The Central Bank may soon gain the authority to limit interest rates on all noncorporate loans as well as on loans issued by microfinance lenders, Kommersant reported Monday, citing an amended draft bill on consumer lending.
The amendments are aimed at curbing usurious interest rates on consumer loans, now often the only conditions under which low-income citizens can borrow money.
According to the bill, which is soon to face its second reading in the State Duma, the Central Bank would calculate the average interest rates for various loan types each quarter and then fix the legally acceptable deviations from these averages at a range of up to 30 percent.

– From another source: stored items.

lemma beta_ext_neq:
  assumes p: "ultrafilter_on X p" and "g ` X \<subseteq> X" "P \<in> p" "g ` P \<inter> P = {}"
  shows "beta_ext X g p \<noteq> p"
proof
  assume "beta_ext X g p = p"
  moreover have "g ` P \<in> beta_ext X g p"
    using proper_filter_on_subset[OF ultrafilter_on_proper[OF p] \<open>P \<in> p\<close>] assms(2,3)
    unfolding beta_ext_def by blast
  ultimately have "g ` P \<inter> P \<in> p"
    using proper_filter_on_Int[OF ultrafilter_on_proper[OF p]] \<open>P \<in> p\<close> by simp
  then show False
    using proper_filter_on_empty[OF ultrafilter_on_proper[OF p]] assms(4) by simp
qed

definition displaceable :: "'a set \<Rightarrow> ('a \<times> 'a) set \<Rightarrow> 'a set \<Rightarrow> bool" where
  "displaceable X G A \<longleftrightarrow> (\<exists>g. g ` X \<subseteq> X \<and> (\<forall>x\<in>X. (g x, x) \<in> G) \<and> g ` A \<inter> A = {})"

lemma displaceableI:
  assumes "Id_on X \<subseteq> G" "A \<subseteq> X" "\<forall>x\<in>A. k x \<in> X \<and> (k x, x) \<in> G" "k ` A \<inter> A = {}"
  shows "displaceable X G A"
  unfolding displaceable_def
proof (intro exI conjI)
  let ?g = "\<lambda>x. if x \<in> A then k x else x"
  show "?g ` X \<subseteq> X" "\<forall>x\<in>X. (?g x, x) \<in> G"
    using assms(1,3) by auto
  have "?g ` A = k ` A"
    by simp
  with assms(4) show "?g ` A \<inter> A = {}"
    by simp
qed

lemma beta_ext_sharp:
  assumes cs': "coarse_structure X \<E>'"
    and same: "\<forall>Y. Y \<subseteq> X \<longrightarrow> (bounded_in X \<E>' Y \<longleftrightarrow> bounded_in X \<E> Y)"
    and "G \<in> \<E>'" "g ` X \<subseteq> X" "\<forall>x\<in>X. (g x, x) \<in> G"
    and p: "p \<in> sharp_ultrafilters X \<E>"
  shows "beta_ext X g p \<in> sharp_ultrafilters X \<E>"
proof -
  have up: "ultrafilter_on X p" and unbounded: "\<And>P. P \<in> p \<Longrightarrow> \<not> bounded_in X \<E> P"
    using p unfolding sharp_ultrafilters_def by auto
  have "\<not> bounded_in X \<E> Q" if Q: "Q \<in> beta_ext X g p" for Q
  proof
    assume "bounded_in X \<E> Q"
    obtain P where "P \<in> p" "g ` P \<subseteq> Q" "Q \<subseteq> X"
      using Q unfolding beta_ext_def by blast
    have "P \<subseteq> X"
      using proper_filter_on_subset[OF ultrafilter_on_proper[OF up] \<open>P \<in> p\<close>] .
    have "bounded_in X \<E>' (g ` P)"
      using same \<open>Q \<subseteq> X\<close> \<open>bounded_in X \<E> Q\<close> bounded_in_subset \<open>g ` P \<subseteq> Q\<close> by blast
    then have "bounded_in X \<E>' P"
      using bounded_in_image_close[OF cs' \<open>G \<in> \<E>'\<close>] assms(5) \<open>P \<subseteq> X\<close> by blast
    then show False
      using same \<open>P \<subseteq> X\<close> unbounded[OF \<open>P \<in> p\<close>] by blast
  qed
  with ultrafilter_on_beta_ext[OF up \<open>g ` X \<subseteq> X\<close>] show ?thesis
    unfolding sharp_ultrafilters_def by blast
qed

lemma sharp_ultrafilter_not_displaceable:
  assumes cs': "coarse_structure X \<E>'"
    and same: "\<forall>Y. Y \<subseteq> X \<longrightarrow> (bounded_in X \<E>' Y \<longleftrightarrow> bounded_in X \<E> Y)"
    and inc: "\<forall>p\<in>sharp_ultrafilters X \<E>. \<forall>q\<in>sharp_ultrafilters X \<E>. p \<noteq> q \<longrightarrow> incomparable X p q"
    and "G \<in> \<E>'" and p: "p \<in> sharp_ultrafilters X \<E>" and "A \<in> p"
  shows "\<not> displaceable X G A"
proof
  assume "displaceable X G A"
  then obtain g where g: "g ` X \<subseteq> X" "\<forall>x\<in>X. (g x, x) \<in> G" "g ` A \<inter> A = {}"
    unfolding displaceable_def by blast
  have "beta_ext X g p \<in> sharp_ultrafilters X \<E>"
    using beta_ext_sharp[OF cs' same \<open>G \<in> \<E>'\<close> g(1,2) p] .
  moreover have "beta_ext X g p \<noteq> p"
    using p beta_ext_neq[OF _ g(1) \<open>A \<in> p\<close> g(3)] unfolding sharp_ultrafilters_def by blast
  ultimately have "incomparable X p (beta_ext X g p)"
    using inc p by metis
  with g(1) show False
    unfolding incomparable_def by blast
qed

lemma fixpoint_free_three_cover:
  assumes "\<forall>x\<in>D. f x \<noteq> x"
  obtains M where "M \<subseteq> D" "M \<inter> f ` M = {}" "D \<subseteq> M \<union> f -` M \<union> f ` M"
proof -
  let ?\<M> = "{M. M \<subseteq> D \<and> M \<inter> f ` M = {}}"
  have "\<forall>C\<in>chains ?\<M>. \<Union>C \<in> ?\<M>"
  proof
    fix C assume C: "C \<in> chains ?\<M>"
    have "\<Union>C \<inter> f ` \<Union>C = {}"
    proof (rule ccontr)
      assume "\<Union>C \<inter> f ` \<Union>C \<noteq> {}"
      then obtain x y M M' where "x \<in> M" "M \<in> C" "y \<in> M'" "M' \<in> C" "x = f y"
        by blast
      moreover have "M \<subseteq> M' \<or> M' \<subseteq> M"
        using chainsD[OF C \<open>M \<in> C\<close> \<open>M' \<in> C\<close>] .
      ultimately show False
        using chainsD2[OF C] by blast
    qed
    then show "\<Union>C \<in> ?\<M>"
      using chainsD2[OF C] by blast
  qed
  then obtain M where "M \<in> ?\<M>" and max: "\<forall>M'\<in>?\<M>. M \<subseteq> M' \<longrightarrow> M' = M"
    by (rule Zorn_Lemma[THEN bexE])
  have "x \<in> M \<union> f -` M \<union> f ` M" if "x \<in> D" for x
  proof (rule ccontr)
    assume "x \<notin> M \<union> f -` M \<union> f ` M"
    then have "insert x M \<in> ?\<M>"
      using \<open>M \<in> ?\<M>\<close> \<open>x \<in> D\<close> assms by auto
    then have "insert x M = M"
      using max by blast
    then show False
      using \<open>x \<notin> M \<union> f -` M \<union> f ` M\<close> by blast
  qed
  with \<open>M \<in> ?\<M>\<close> that show ?thesis
    by blast
qed

lemma moved_points_three_displaceable:
  assumes "G \<subseteq> X \<times> X" "Id_on X \<subseteq> G" "sym G"
  obtains A B C where "Domain (G - Id) = A \<union> B \<union> C"
    "displaceable X G A" "displaceable X G B" "displaceable X G C"
proof -
  let ?D = "Domain (G - Id)"
  define f where "f x = (SOME y. (x, y) \<in> G \<and> y \<noteq> x)" for x
  have f: "(x, f x) \<in> G" "f x \<noteq> x" if "x \<in> ?D" for x
    using someI_ex[of "\<lambda>y. (x, y) \<in> G \<and> y \<noteq> x"] that unfolding f_def by auto
  obtain M where M: "M \<subseteq> ?D" "M \<inter> f ` M = {}" "?D \<subseteq> M \<union> f -` M \<union> f ` M"
    using fixpoint_free_three_cover[of ?D f] f(2) by blast
  have DX: "?D \<subseteq> X" and close: "\<And>x. x \<in> ?D \<Longrightarrow> f x \<in> X \<and> (f x, x) \<in> G"
    using assms(1,3) f(1) unfolding sym_def by blast+
  show ?thesis
  proof
    show "?D = M \<union> (?D \<inter> f -` M) \<union> (?D \<inter> f ` M)"
      using M by blast
    show "displaceable X G M"
      using displaceableI[OF assms(2), of M f] M(1,2) DX close by blast
    have "f ` (?D \<inter> f -` M) \<inter> (?D \<inter> f -` M) = {}"
      using M(2) by blast
    then show "displaceable X G (?D \<inter> f -` M)"
      using displaceableI[OF assms(2), of "?D \<inter> f -` M" f] DX close by blast
    let ?g = "inv_into M f"
    have g: "?g y \<in> M" "f (?g y) = y" if "y \<in> f ` M" for y
      using that by (auto simp: inv_into_into f_inv_into_f)
    have "?g y \<in> X \<and> (?g y, y) \<in> G" if "y \<in> ?D \<inter> f ` M" for y
      using g[of y] that M(1) DX f(1)[of "?g y"] by auto
    moreover have "?g ` (?D \<inter> f ` M) \<inter> (?D \<inter> f ` M) = {}"
      using g M(2) by blast
    ultimately show "displaceable X G (?D \<inter> f ` M)"
      using displaceableI[OF assms(2), of "?D \<inter> f ` M" ?g] DX by blast
  qed
qed
lemma clause_cases:
  assumes "C \<in> F" shows "C \<in> K \<or> C = C0 \<or> C \<in> N"
proof (cases "var_of p \<in> vars_cl C")
  case True
  then obtain z where "z \<in> C" "var_of z = var_of p"
    unfolding vars_cl_def by auto
  then show ?thesis
    using assms eq_C0_if_p_in by (auto simp: var_of_eq_iff)
qed (simp add: assms)

lemma var_of_K: "C \<in> K \<Longrightarrow> z \<in> C \<Longrightarrow> var_of z \<noteq> var_of p"
  using var_of_in_vars_cl by fastforce

lemma C0_notin_K: "C0 \<notin> K"
  using var_of_in_vars_cl[OF p_in_C0] by auto

lemma K_N_disjoint: "C \<in> K \<Longrightarrow> C \<notin> N"
  using var_of_in_vars_cl[of "comp p"] by force

lemma satisfiable_if_K_and_C0_rest_true:
  assumes "\<forall>C\<in>K. \<exists>y\<in>C. lit_val \<phi> y" and "z \<in> C0" "z \<noteq> p" "lit_val \<phi> z"
  shows "satisfiable F"
proof (rule satisfiable_by_setting_lit, intro ballI)
  fix C assume "C \<in> F"
  have "var_of z \<noteq> var_of p"
    using assms(2,3) comp_p_notin_C0 by (auto simp: var_of_eq_iff)
  with clause_cases[OF \<open>C \<in> F\<close>] assms var_of_K
  show "comp p \<in> C \<or> (\<exists>y\<in>C. var_of y \<noteq> var_of (comp p) \<and> lit_val \<phi> y)"
    by (metis (no_types, lifting) mem_Collect_eq var_of_comp)
qed

lemma satisfiable_if_K_and_N_rest_true:
  assumes "\<forall>C\<in>K. \<exists>y\<in>C. lit_val \<phi> y" and "\<forall>D\<in>N. \<exists>y\<in>D. y \<noteq> comp p \<and> lit_val \<phi> y"
  shows "satisfiable F"
proof (rule satisfiable_by_setting_lit, intro ballI)
  fix C assume "C \<in> F"
  consider "C \<in> K" | "C = C0" | "C \<in> N"
    using clause_cases[OF \<open>C \<in> F\<close>] by blast
  then show "p \<in> C \<or> (\<exists>y\<in>C. var_of y \<noteq> var_of p \<and> lit_val \<phi> y)"
  proof cases
    case 1
    then show ?thesis
      using assms(1) var_of_K by blast
  next
    case 2
    then show ?thesis
      using p_in_C0 by blast
  next
    case 3
    then obtain y where "y \<in> C" "y \<noteq> comp p" "lit_val \<phi> y"
      using assms(2) by blast
    moreover have "y \<noteq> p"
      using p_notin_N[OF 3] \<open>y \<in> C\<close> by blast
    ultimately show ?thesis
      by (auto simp: var_of_eq_iff)
  qed
qed

text \<open>The key property of singular DP-reduction: it is what makes the resolvents
non-tautological, pairwise distinct and distinct from the untouched clauses.\<close>

lemma res_falsified:
  assumes D: "D \<in> N" and \<phi>: "models \<phi> (F - {D})" and z: "z \<in> res D"
  shows "\<not> lit_val \<phi> z"
proof
  assume "lit_val \<phi> z"
  moreover have "z \<notin> D"
    using unsat_remove_models_falsifies[OF unsat \<phi>] \<open>lit_val \<phi> z\<close> by blast
  moreover have "\<forall>C\<in>K. \<exists>y\<in>C. lit_val \<phi> y"
    using \<phi> D K_N_disjoint by blast
  ultimately have "satisfiable F"
    using satisfiable_if_K_and_C0_rest_true z by blast
  with unsat show False ..
qed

The Central Bank would have a great deal of autonomy, deciding which rates to limit and by how much, as well as designating the different loan categories. These categories could be numerous, as regulators would take into consideration a range of factors including type cash or credit; sum; duration; and whether or not the borrower provided collateral.
Rates on microloans to individuals and small and midsize businesses would also be subject to restrictions, which could potentially push some microlenders into the "gray market," said the deputy director of microlender Domashniye Dengi, Andrei Bakhvalov.
The ability to limit interest rates would help alleviate the debt load of low-income borrowers as well as spurring banks to replace high-risk assets with more secure ones, Central Bank Deputy Chairman Mikhail Sukhov said in September.
On the other hand, the measure is likely to trigger a short-term economic slowdown, as rapid growth in consumer lending has been one of few forces maintaining growth in the Russian economy in recent years, economists said.